| Work item |
Take the entries that follow and return exactly the lines from the one holding "using rn_error_pow2[OF rn p assms(4,6)]" through the one holding "rn L\<bar> \<le>", both included. Nothing else is needed.

Source data Block Start

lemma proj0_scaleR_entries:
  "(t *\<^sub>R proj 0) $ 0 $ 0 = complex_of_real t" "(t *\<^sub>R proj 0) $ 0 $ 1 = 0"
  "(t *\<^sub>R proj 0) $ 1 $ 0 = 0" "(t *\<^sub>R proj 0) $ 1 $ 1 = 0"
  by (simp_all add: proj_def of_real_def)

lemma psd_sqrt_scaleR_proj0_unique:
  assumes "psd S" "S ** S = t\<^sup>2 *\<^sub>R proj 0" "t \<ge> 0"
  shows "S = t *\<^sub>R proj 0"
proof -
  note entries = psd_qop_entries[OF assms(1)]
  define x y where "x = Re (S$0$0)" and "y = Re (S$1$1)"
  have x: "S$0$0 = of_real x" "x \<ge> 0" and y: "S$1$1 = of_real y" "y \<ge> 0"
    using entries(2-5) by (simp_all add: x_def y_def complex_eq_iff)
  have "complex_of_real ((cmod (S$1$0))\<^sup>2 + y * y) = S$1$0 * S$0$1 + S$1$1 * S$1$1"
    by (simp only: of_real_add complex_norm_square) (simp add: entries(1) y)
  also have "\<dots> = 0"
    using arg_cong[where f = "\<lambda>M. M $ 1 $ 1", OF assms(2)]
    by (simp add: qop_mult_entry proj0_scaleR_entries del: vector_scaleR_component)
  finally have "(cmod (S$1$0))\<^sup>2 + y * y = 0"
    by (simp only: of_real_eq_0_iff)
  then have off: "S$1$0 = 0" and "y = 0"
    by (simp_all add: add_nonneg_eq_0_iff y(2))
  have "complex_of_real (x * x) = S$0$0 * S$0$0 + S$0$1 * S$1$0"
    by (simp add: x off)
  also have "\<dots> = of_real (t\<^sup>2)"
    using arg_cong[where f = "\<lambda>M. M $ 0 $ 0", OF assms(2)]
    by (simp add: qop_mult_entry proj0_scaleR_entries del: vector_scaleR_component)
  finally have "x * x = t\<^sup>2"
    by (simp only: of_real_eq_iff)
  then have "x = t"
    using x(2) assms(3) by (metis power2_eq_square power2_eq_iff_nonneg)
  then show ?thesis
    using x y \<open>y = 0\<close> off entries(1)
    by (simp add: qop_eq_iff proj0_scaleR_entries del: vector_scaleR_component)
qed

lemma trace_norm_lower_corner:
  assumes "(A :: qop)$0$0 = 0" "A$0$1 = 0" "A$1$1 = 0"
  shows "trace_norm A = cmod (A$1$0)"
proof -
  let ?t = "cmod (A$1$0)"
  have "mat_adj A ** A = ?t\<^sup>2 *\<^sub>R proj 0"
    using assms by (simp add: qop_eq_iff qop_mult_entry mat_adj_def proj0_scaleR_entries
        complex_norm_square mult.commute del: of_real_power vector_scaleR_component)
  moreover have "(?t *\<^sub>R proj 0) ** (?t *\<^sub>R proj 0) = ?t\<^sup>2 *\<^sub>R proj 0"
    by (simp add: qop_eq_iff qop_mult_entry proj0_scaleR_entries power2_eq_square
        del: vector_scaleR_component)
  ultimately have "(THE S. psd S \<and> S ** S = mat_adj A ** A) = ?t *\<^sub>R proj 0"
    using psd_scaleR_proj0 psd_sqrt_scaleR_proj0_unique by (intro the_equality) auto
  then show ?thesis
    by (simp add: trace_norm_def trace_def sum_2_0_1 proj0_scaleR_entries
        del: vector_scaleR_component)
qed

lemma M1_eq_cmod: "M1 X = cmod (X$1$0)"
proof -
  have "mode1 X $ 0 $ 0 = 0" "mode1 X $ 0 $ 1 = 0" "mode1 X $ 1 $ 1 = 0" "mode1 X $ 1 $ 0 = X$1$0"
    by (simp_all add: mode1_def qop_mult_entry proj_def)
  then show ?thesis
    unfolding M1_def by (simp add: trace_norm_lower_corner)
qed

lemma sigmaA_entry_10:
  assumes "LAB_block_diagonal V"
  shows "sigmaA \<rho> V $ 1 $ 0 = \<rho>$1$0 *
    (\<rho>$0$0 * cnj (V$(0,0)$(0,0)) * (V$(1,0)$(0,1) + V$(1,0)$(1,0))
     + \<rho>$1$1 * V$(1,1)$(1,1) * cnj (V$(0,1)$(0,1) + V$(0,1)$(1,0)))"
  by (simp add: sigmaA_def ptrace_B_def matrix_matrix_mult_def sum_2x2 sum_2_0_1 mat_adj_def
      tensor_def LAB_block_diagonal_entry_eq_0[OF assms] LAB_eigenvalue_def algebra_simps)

Source data Block End
Source data Block Start

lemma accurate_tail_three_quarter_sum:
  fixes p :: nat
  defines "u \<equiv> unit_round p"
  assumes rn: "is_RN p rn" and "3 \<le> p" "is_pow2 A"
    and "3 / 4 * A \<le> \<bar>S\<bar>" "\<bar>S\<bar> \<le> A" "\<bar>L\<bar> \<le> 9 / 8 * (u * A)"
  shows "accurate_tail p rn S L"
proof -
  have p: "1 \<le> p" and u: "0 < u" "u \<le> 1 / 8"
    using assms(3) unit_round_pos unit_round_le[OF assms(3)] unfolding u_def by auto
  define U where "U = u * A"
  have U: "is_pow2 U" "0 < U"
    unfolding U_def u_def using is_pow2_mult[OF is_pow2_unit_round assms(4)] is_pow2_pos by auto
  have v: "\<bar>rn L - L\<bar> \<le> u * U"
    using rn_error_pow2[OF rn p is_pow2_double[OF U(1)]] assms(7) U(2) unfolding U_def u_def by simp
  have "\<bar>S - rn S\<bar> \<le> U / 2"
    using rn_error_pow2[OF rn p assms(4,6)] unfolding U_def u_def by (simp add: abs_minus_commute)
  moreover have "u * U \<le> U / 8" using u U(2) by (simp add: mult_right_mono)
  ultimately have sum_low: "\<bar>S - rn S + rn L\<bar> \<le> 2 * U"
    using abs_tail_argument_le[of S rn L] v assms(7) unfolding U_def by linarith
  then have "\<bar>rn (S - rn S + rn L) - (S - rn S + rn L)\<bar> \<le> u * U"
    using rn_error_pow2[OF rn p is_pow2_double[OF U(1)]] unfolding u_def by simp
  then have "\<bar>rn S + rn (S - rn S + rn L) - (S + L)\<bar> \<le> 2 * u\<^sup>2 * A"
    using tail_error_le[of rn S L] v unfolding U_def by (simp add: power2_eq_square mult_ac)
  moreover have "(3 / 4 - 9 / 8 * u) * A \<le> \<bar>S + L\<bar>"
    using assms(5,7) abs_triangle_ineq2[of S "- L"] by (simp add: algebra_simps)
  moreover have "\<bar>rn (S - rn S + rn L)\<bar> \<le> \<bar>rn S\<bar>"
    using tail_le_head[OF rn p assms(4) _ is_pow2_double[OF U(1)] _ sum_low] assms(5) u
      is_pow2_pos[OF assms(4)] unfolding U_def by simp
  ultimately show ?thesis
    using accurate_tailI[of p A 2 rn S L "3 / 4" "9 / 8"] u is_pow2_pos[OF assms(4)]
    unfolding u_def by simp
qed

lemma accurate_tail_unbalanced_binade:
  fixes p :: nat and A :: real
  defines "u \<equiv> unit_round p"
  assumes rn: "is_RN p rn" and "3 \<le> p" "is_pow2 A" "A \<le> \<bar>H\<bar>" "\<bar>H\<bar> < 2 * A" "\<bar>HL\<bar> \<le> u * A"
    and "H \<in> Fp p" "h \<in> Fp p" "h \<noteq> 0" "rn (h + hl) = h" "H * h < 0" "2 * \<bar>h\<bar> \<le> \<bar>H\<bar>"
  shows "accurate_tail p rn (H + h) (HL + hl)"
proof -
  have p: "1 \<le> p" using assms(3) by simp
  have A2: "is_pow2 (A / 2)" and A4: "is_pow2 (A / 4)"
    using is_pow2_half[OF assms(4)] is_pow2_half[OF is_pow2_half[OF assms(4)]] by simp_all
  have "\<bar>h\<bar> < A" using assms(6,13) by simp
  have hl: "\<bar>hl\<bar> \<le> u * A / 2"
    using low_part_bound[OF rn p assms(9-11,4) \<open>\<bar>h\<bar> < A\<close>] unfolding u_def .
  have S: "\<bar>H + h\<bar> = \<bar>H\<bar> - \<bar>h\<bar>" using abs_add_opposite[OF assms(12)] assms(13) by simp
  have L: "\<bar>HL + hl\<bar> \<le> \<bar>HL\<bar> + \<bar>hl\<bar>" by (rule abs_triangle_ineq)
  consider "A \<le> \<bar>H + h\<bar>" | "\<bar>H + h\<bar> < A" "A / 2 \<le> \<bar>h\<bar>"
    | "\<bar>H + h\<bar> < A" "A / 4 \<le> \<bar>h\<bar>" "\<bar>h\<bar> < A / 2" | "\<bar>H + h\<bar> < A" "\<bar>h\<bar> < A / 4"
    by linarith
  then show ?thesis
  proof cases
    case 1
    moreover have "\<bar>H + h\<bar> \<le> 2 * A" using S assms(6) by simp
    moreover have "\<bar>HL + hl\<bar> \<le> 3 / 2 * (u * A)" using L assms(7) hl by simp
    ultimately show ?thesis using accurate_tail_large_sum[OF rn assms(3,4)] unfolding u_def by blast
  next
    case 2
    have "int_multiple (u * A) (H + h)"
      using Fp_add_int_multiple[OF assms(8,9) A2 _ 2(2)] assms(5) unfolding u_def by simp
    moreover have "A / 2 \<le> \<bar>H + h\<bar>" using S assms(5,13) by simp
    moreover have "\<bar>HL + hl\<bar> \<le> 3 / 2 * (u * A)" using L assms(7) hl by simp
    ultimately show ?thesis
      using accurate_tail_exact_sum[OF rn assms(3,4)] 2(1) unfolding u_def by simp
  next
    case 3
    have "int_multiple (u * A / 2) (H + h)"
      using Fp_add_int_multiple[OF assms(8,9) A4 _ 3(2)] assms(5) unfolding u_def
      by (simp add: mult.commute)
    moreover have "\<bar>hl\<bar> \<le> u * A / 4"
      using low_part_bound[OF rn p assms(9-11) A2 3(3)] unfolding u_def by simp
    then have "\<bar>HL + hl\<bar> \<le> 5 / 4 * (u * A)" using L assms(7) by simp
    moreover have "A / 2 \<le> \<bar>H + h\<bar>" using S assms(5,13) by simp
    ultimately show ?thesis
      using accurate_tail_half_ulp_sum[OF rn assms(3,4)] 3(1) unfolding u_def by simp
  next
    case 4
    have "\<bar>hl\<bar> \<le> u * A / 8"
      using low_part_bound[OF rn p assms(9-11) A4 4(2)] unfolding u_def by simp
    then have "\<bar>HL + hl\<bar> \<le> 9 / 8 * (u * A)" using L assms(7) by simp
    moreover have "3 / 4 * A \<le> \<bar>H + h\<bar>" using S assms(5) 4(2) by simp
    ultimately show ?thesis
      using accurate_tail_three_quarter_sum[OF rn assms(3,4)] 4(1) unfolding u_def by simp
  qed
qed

Source data Block End

| Reply |
    using rn_error_pow2[OF rn p assms(4,6)] unfolding U_def u_def by (simp add: abs_minus_commute)
  moreover have "u * U \<le> U / 8" using u U(2) by (simp add: mult_right_mono)
  ultimately have sum_low: "\<bar>S - rn S + rn L\<bar> \<le> 2 * U"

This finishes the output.